- What is required
Your answer should be the exact lines of the data below from the one containing "unfolding gexp_def gpow_complex_embed[OF" through the one containing "Y = \<sigma>"; please include nothing else.

- Given records
lemma blade_sign_assoc:
  "blade_sign Pos X Y * blade_sign Pos (sym_diff X Y) Z =
   blade_sign Pos X (sym_diff Y Z) * blade_sign Pos Y Z"
proof -
  let ?o = "\<lambda>A B a b. if a \<in> A \<and> b \<in> B \<and> b < a then -1 else (1::real)"
  let ?d = "\<lambda>A B a. if a \<in> A \<and> a \<in> B \<and> a \<notin> Pos then -1 else (1::real)"
  have pair_case: "?o X Y a b * ?o (sym_diff X Y) Z a b = ?o X (sym_diff Y Z) a b * ?o Y Z a b" for a b
    by (cases "a \<in> X"; cases "a \<in> Y"; cases "b \<in> Y"; cases "b \<in> Z"; cases "b < a"; simp)
  have diag_case: "?d X Y a * ?d (sym_diff X Y) Z a = ?d X (sym_diff Y Z) a * ?d Y Z a" for a
    by (cases "a \<in> X"; cases "a \<in> Y"; cases "a \<in> Z"; cases "a \<in> Pos"; simp)
  have pair_prods: "(\<Prod>a\<in>UNIV. \<Prod>b\<in>UNIV. ?o X Y a b) * (\<Prod>a\<in>UNIV. \<Prod>b\<in>UNIV. ?o (sym_diff X Y) Z a b)
      = (\<Prod>a\<in>UNIV. \<Prod>b\<in>UNIV. ?o X (sym_diff Y Z) a b) * (\<Prod>a\<in>UNIV. \<Prod>b\<in>UNIV. ?o Y Z a b)"
    by (simp only: prod.distrib[symmetric] pair_case)
  have diag_prods: "(\<Prod>a\<in>UNIV. ?d X Y a) * (\<Prod>a\<in>UNIV. ?d (sym_diff X Y) Z a)
      = (\<Prod>a\<in>UNIV. ?d X (sym_diff Y Z) a) * (\<Prod>a\<in>UNIV. ?d Y Z a)"
    by (simp only: prod.distrib[symmetric] diag_case)
  have regroup: "(p1 * q1) * (p2 * q2) = (p1 * p2) * (q1 * (q2::real))" for p1 q1 p2 q2
    by (simp add: ac_simps)
  show ?thesis
    unfolding blade_sign_eq_prod by (subst (1 2) regroup) (simp only: pair_prods diag_prods)
qed

lemma gprod_assoc:
  fixes x :: "('n::{finite,linorder}) mv"
  shows "gprod Pos (gprod Pos x y) z = gprod Pos x (gprod Pos y z)"
proof (rule vec_eq_iff[THEN iffD2], rule allI)
  fix D
  have "gprod Pos (gprod Pos x y) z $ D =
     (\<Sum>E\<in>UNIV. \<Sum>A\<in>UNIV. blade_sign Pos A (sym_diff A D) * blade_sign Pos E (sym_diff E A)
        * x $ E * y $ sym_diff E A * z $ sym_diff A D)"
    by (subst sum.swap) (simp add: gprod_nth sum_distrib_left sum_distrib_right mult.assoc mult.left_commute)
  also have "\<dots> = (\<Sum>E\<in>UNIV. \<Sum>F\<in>UNIV. blade_sign Pos (sym_diff E F) (sym_diff (sym_diff E F) D)
        * blade_sign Pos E F * x $ E * y $ F * z $ sym_diff (sym_diff E F) D)"
  proof (rule sum.cong[OF refl])
    fix E
    have cancel: "sym_diff E (sym_diff E F) = F" for F :: "'n set"
      by auto
    show "(\<Sum>A\<in>UNIV. blade_sign Pos A (sym_diff A D) * blade_sign Pos E (sym_diff E A)
            * x $ E * y $ sym_diff E A * z $ sym_diff A D) =
        (\<Sum>F\<in>UNIV. blade_sign Pos (sym_diff E F) (sym_diff (sym_diff E F) D)
            * blade_sign Pos E F * x $ E * y $ F * z $ sym_diff (sym_diff E F) D)"
      by (rule sum.reindex_bij_witness[of _ "sym_diff E" "sym_diff E"]) (simp_all only: cancel UNIV_I)
  qed
  also have "\<dots> = (\<Sum>E\<in>UNIV. \<Sum>F\<in>UNIV. blade_sign Pos E (sym_diff E D)
        * blade_sign Pos F (sym_diff F (sym_diff E D)) * x $ E * y $ F * z $ sym_diff F (sym_diff E D))"
  proof (intro sum.cong refl)
    fix E F
    have e: "sym_diff (sym_diff E F) D = sym_diff F (sym_diff E D)"
      "sym_diff F (sym_diff F (sym_diff E D)) = sym_diff E D"
      by auto
    show "blade_sign Pos (sym_diff E F) (sym_diff (sym_diff E F) D) * blade_sign Pos E F
          * x $ E * y $ F * z $ sym_diff (sym_diff E F) D =
        blade_sign Pos E (sym_diff E D) * blade_sign Pos F (sym_diff F (sym_diff E D))
          * x $ E * y $ F * z $ sym_diff F (sym_diff E D)"
      using blade_sign_assoc[of Pos E F "sym_diff F (sym_diff E D)"]
      unfolding e by (simp add: mult.commute mult.left_commute)
  qed
  also have "\<dots> = gprod Pos x (gprod Pos y z) $ D"
    by (simp add: gprod_nth sum_distrib_left sum_distrib_right mult.assoc mult.left_commute)
  finally show "gprod Pos (gprod Pos x y) z $ D = gprod Pos x (gprod Pos y z) $ D" .
qed

lemma scal_nth: "scal r $ A = (if A = {} then r else 0)"
  by (simp add: scal_def)

lemma scal_eq_scaleR: "scal r = r *\<^sub>R (scal 1 :: ('n::finite) mv)"
  by (simp add: vec_eq_iff scal_nth)

lemma gprod_scal_left [simp]:
  fixes x :: "('n::{finite,linorder}) mv"
  shows "gprod Pos (scal r) x = r *\<^sub>R x"
proof -
  have "gprod Pos (scal r) x $ D = (\<Sum>A\<in>UNIV. if A = ({} :: 'n set) then r * x $ D else 0)" for D
    unfolding gprod_nth by (rule sum.cong) (auto simp: scal_nth blade_sign_def)
  then show ?thesis
    by (simp add: vec_eq_iff)
qed

lemma gprod_scal_right [simp]: "gprod Pos x (scal r) = r *\<^sub>R x"
proof -
  have "gprod Pos x (scal r) $ D = (\<Sum>A\<in>UNIV. if A = D then x $ D * r else 0)" for D
    unfolding gprod_nth by (rule sum.cong) (auto simp: scal_nth blade_sign_def)
  then show ?thesis
    by (simp add: vec_eq_iff)
qed

lemma bounded_bilinear_gprod: "bounded_bilinear (gprod Pos)"
  unfolding bilinear_conv_bounded_bilinear[symmetric] bilinear_def
  by (auto intro!: linearI simp: vec_eq_iff gprod_nth algebra_simps sum.distrib sum_distrib_left)

lemmas gprod_add_left = bounded_bilinear.add_left[OF bounded_bilinear_gprod]
  and gprod_add_right = bounded_bilinear.add_right[OF bounded_bilinear_gprod]
  and gprod_scaleR_left = bounded_bilinear.scaleR_left[OF bounded_bilinear_gprod]
  and gprod_scaleR_right = bounded_bilinear.scaleR_right[OF bounded_bilinear_gprod]
  and gprod_diff_left = bounded_bilinear.diff_left[OF bounded_bilinear_gprod]
  and gprod_diff_right = bounded_bilinear.diff_right[OF bounded_bilinear_gprod]
  and gprod_minus_left = bounded_bilinear.minus_left[OF bounded_bilinear_gprod]
  and gprod_minus_right = bounded_bilinear.minus_right[OF bounded_bilinear_gprod]
  and gprod_zero_left = bounded_bilinear.zero_left[OF bounded_bilinear_gprod]
  and gprod_zero_right = bounded_bilinear.zero_right[OF bounded_bilinear_gprod]
  and gprod_sum_left = bounded_bilinear.sum_left[OF bounded_bilinear_gprod]
  and gprod_sum_right = bounded_bilinear.sum_right[OF bounded_bilinear_gprod]

lemmas gprod_linear = gprod_add_left gprod_add_right gprod_scaleR_left gprod_scaleR_right
  gprod_diff_left gprod_diff_right gprod_minus_left gprod_minus_right gprod_zero_left gprod_zero_right

lemma gcenter_left_commute:
  assumes "z \<in> gcenter Pos"
  shows "gprod Pos z (gprod Pos y X) = gprod Pos y (gprod Pos z X)"
proof -
  have "gprod Pos z y = gprod Pos y z"
    using assms by (simp add: gcenter_def)
  then show ?thesis
    by (simp only: gprod_assoc[symmetric])
qed

section \<open>Exponentials of elements with negative square\<close>

definition sqneg_root :: "('n::{finite,linorder}) set \<Rightarrow> 'n mv \<Rightarrow> real" where
  "sqneg_root Pos i = sqrt (- gprod Pos i i $ {})"

text \<open>For i^2 = -w^2 this is e^(t i), with i/w in the role of the imaginary unit.\<close>
definition gcis :: "('n::{finite,linorder}) set \<Rightarrow> 'n mv \<Rightarrow> real \<Rightarrow> 'n mv" where
  "gcis Pos i t = cos (t * sqneg_root Pos i) *\<^sub>R scal 1 + (sin (t * sqneg_root Pos i) / sqneg_root Pos i) *\<^sub>R i"

lemma sqneg_square:
  assumes "i \<in> sqneg Pos"
  shows "gprod Pos i i = (- (sqneg_root Pos i * sqneg_root Pos i)) *\<^sub>R scal 1"
    and "sqneg_root Pos i > 0"
proof -
  obtain r where r: "gprod Pos i i = scal r" "r < 0"
    using assms by (auto simp: sqneg_def)
  then have w: "sqneg_root Pos i = sqrt (- r)"
    by (simp add: sqneg_root_def scal_nth)
  show "gprod Pos i i = (- (sqneg_root Pos i * sqneg_root Pos i)) *\<^sub>R scal 1"
    using r w by (simp add: scal_eq_scaleR[of r])
  show "sqneg_root Pos i > 0"
    using r w by simp
qed

definition complex_embed :: "('n::{finite,linorder}) mv \<Rightarrow> complex \<Rightarrow> 'n mv" where
  "complex_embed j z = Re z *\<^sub>R scal 1 + Im z *\<^sub>R j"

lemma bounded_linear_complex_embed: "bounded_linear (complex_embed j)"
  unfolding complex_embed_def
  by (intro bounded_linear_add bounded_linear_scaleR_const bounded_linear_Re bounded_linear_Im)

lemma complex_embed_mult:
  assumes "gprod Pos j j = - scal 1"
  shows "complex_embed j (z * w) = gprod Pos (complex_embed j z) (complex_embed j w)"
  using assms by (simp add: complex_embed_def gprod_linear algebra_simps)

lemma gpow_complex_embed:
  assumes "gprod Pos j j = - scal 1"
  shows "gpow Pos (complex_embed j z) n = complex_embed j (z ^ n)"
  by (induction n) (auto simp: complex_embed_def[of j 1] complex_embed_mult[OF assms, symmetric])

lemma gexp_complex_embed:
  assumes "gprod Pos j j = - scal 1"
  shows "gexp Pos (complex_embed j z) = complex_embed j (exp z)"
proof -
  have "gexp Pos (complex_embed j z) = (\<Sum>n. complex_embed j (z ^ n /\<^sub>R fact n))"
    unfolding gexp_def gpow_complex_embed[OF assms]
    by (simp add: linear_scale[OF bounded_linear.linear[OF bounded_linear_complex_embed]]
        divide_inverse_commute)
  also have "\<dots> = complex_embed j (\<Sum>n. z ^ n /\<^sub>R fact n)"
    by (rule bounded_linear.suminf[OF bounded_linear_complex_embed, symmetric])
      (rule summable_exp_generic)
  finally show ?thesis
    by (simp add: exp_def)
qed

lemma gexp_scaleR_sqneg:
  assumes "i \<in> sqneg Pos"
  shows "gexp Pos (t *\<^sub>R i) = gcis Pos i t"
proof -
  let ?w = "sqneg_root Pos i"
  note sq = sqneg_square[OF assms]
  define j where "j = (1 / ?w) *\<^sub>R i"
  have jj: "gprod Pos j j = - scal 1"
    using sq by (simp add: j_def gprod_linear)
  have "t *\<^sub>R i = complex_embed j (\<i> * of_real (t * ?w))"
    using sq by (simp add: complex_embed_def j_def)
  then have "gexp Pos (t *\<^sub>R i) = complex_embed j (exp (\<i> * of_real (t * ?w)))"
    by (simp add: gexp_complex_embed[OF jj])
  also have "\<dots> = gcis Pos i t"
    by (simp add: complex_embed_def gcis_def j_def Re_exp Im_exp)
  finally show ?thesis .
qed

lemma gcis_zero [simp]: "gcis Pos i 0 = scal 1"
  by (simp add: gcis_def)

lemma gcis_add:
  assumes "i \<in> sqneg Pos"
  shows "gprod Pos (gcis Pos i a) (gcis Pos i b) = gcis Pos i (a + b)"
proof -
  let ?w = "sqneg_root Pos i"
  note sq = sqneg_square[OF assms]
  have mult: "gprod Pos (p *\<^sub>R scal 1 + q *\<^sub>R i) (p' *\<^sub>R scal 1 + q' *\<^sub>R i) =
     (p * p' - q * q' * (?w * ?w)) *\<^sub>R scal 1 + (p * q' + q * p') *\<^sub>R i" for p q p' q'
    by (simp add: gprod_linear sq(1) algebra_simps)
  show ?thesis
    unfolding gcis_def mult using sq(2)
    by (simp add: distrib_right cos_add sin_add field_simps)
qed

lemma gcis_commute_sign:
  assumes "gprod Pos i Y = \<sigma> *\<^sub>R gprod Pos Y i" and "\<sigma> * \<sigma> = 1"
  shows "gprod Pos (gcis Pos i a) Y = gprod Pos Y (gcis Pos i (\<sigma> * a))"
proof -
  have "\<sigma> = 1 \<or> \<sigma> = -1"
    using assms(2) by (simp add: square_eq_1_iff)
  then show ?thesis
    using assms(1) by (auto simp: gcis_def gprod_linear)
qed

lemma gcis_commute:
  assumes "gprod Pos i i' = gprod Pos i' i"
  shows "gprod Pos (gcis Pos i a) (gcis Pos i' b) = gprod Pos (gcis Pos i' b) (gcis Pos i a)"
  using assms by (simp add: gcis_def gprod_linear) (simp add: scaleR_add_right ac_simps)

lemma gcis_central:
  assumes "i \<in> gcenter Pos"
  shows "gcis Pos i a \<in> gcenter Pos"
  using assms by (simp add: gcenter_def gcis_def gprod_linear)

lemma gexp_scaleR_central:
  assumes "i \<in> sqneg Pos" and "t *\<^sub>R i \<in> gcenter Pos"
  shows "gexp Pos (c *\<^sub>R t *\<^sub>R i) \<in> gcenter Pos"
proof (cases "t = 0")
  case True
  then show ?thesis
    using gexp_scaleR_sqneg[OF assms(1), of 0] by (simp add: gcenter_def)
next
  case False
  then have "i \<in> gcenter Pos"
    using assms(2) by (simp add: gcenter_def gprod_linear)
  then show ?thesis
    using gexp_scaleR_sqneg[OF assms(1)] by (simp add: gcis_central)
qed

lemma gcis_bcontfun:
  fixes i :: "('n::{finite,linorder}) mv" and \<theta> :: "'a::t2_space \<Rightarrow> real"
  assumes "i \<in> sqneg Pos" and "continuous_on UNIV \<theta>"
  shows "(\<lambda>x. gcis Pos i (\<theta> x)) \<in> bcontfun"
proof -
  let ?w = "sqneg_root Pos i"
  have w: "?w > 0"
    using sqneg_square(2)[OF assms(1)] .
  have "norm (gcis Pos i t) \<le> norm (scal 1 :: 'n mv) + norm i / ?w" for t
proof -
    have "norm (gcis Pos i t) \<le> norm (cos (t * ?w) *\<^sub>R (scal 1 :: 'n mv)) + norm ((sin (t * ?w) / ?w) *\<^sub>R i)"
      unfolding gcis_def by (rule norm_triangle_ineq)
    also have "\<dots> \<le> norm (scal 1 :: 'n mv) + norm i / ?w"
      using w by (intro add_mono) (auto simp: abs_mult divide_le_cancel intro!: mult_left_le_one_le mult_le_one)
    finally show ?thesis .
  qed
  then have "bounded (range (\<lambda>x. gcis Pos i (\<theta> x)))"
    by (auto simp: bounded_iff)
  moreover have "continuous_on UNIV (\<lambda>x. gcis Pos i (\<theta> x))"
    unfolding gcis_def using w by (intro continuous_intros assms(2)) auto
  ultimately show ?thesis
    by (simp add: bcontfun_def)
qed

- Your solution
    unfolding gexp_def gpow_complex_embed[OF assms]
    by (simp add: linear_scale[OF bounded_linear.linear[OF bounded_linear_complex_embed]]
        divide_inverse_commute)
  also have "\<dots> = complex_embed j (\<Sum>n. z ^ n /\<^sub>R fact n)"
    by (rule bounded_linear.suminf[OF bounded_linear_complex_embed, symmetric])
      (rule summable_exp_generic)
  finally show ?thesis
    by (simp add: exp_def)
qed

lemma gexp_scaleR_sqneg:
  assumes "i \<in> sqneg Pos"
  shows "gexp Pos (t *\<^sub>R i) = gcis Pos i t"
proof -
  let ?w = "sqneg_root Pos i"
  note sq = sqneg_square[OF assms]
  define j where "j = (1 / ?w) *\<^sub>R i"
  have jj: "gprod Pos j j = - scal 1"
    using sq by (simp add: j_def gprod_linear)
  have "t *\<^sub>R i = complex_embed j (\<i> * of_real (t * ?w))"
    using sq by (simp add: complex_embed_def j_def)
  then have "gexp Pos (t *\<^sub>R i) = complex_embed j (exp (\<i> * of_real (t * ?w)))"
    by (simp add: gexp_complex_embed[OF jj])
  also have "\<dots> = gcis Pos i t"
    by (simp add: complex_embed_def gcis_def j_def Re_exp Im_exp)
  finally show ?thesis .
qed

lemma gcis_zero [simp]: "gcis Pos i 0 = scal 1"
  by (simp add: gcis_def)

lemma gcis_add:
  assumes "i \<in> sqneg Pos"
  shows "gprod Pos (gcis Pos i a) (gcis Pos i b) = gcis Pos i (a + b)"
proof -
  let ?w = "sqneg_root Pos i"
  note sq = sqneg_square[OF assms]
  have mult: "gprod Pos (p *\<^sub>R scal 1 + q *\<^sub>R i) (p' *\<^sub>R scal 1 + q' *\<^sub>R i) =
     (p * p' - q * q' * (?w * ?w)) *\<^sub>R scal 1 + (p * q' + q * p') *\<^sub>R i" for p q p' q'
    by (simp add: gprod_linear sq(1) algebra_simps)
  show ?thesis
    unfolding gcis_def mult using sq(2)
    by (simp add: distrib_right cos_add sin_add field_simps)
qed

lemma gcis_commute_sign:
  assumes "gprod Pos i Y = \<sigma> *\<^sub>R gprod Pos Y i" and "\<sigma> * \<sigma> = 1"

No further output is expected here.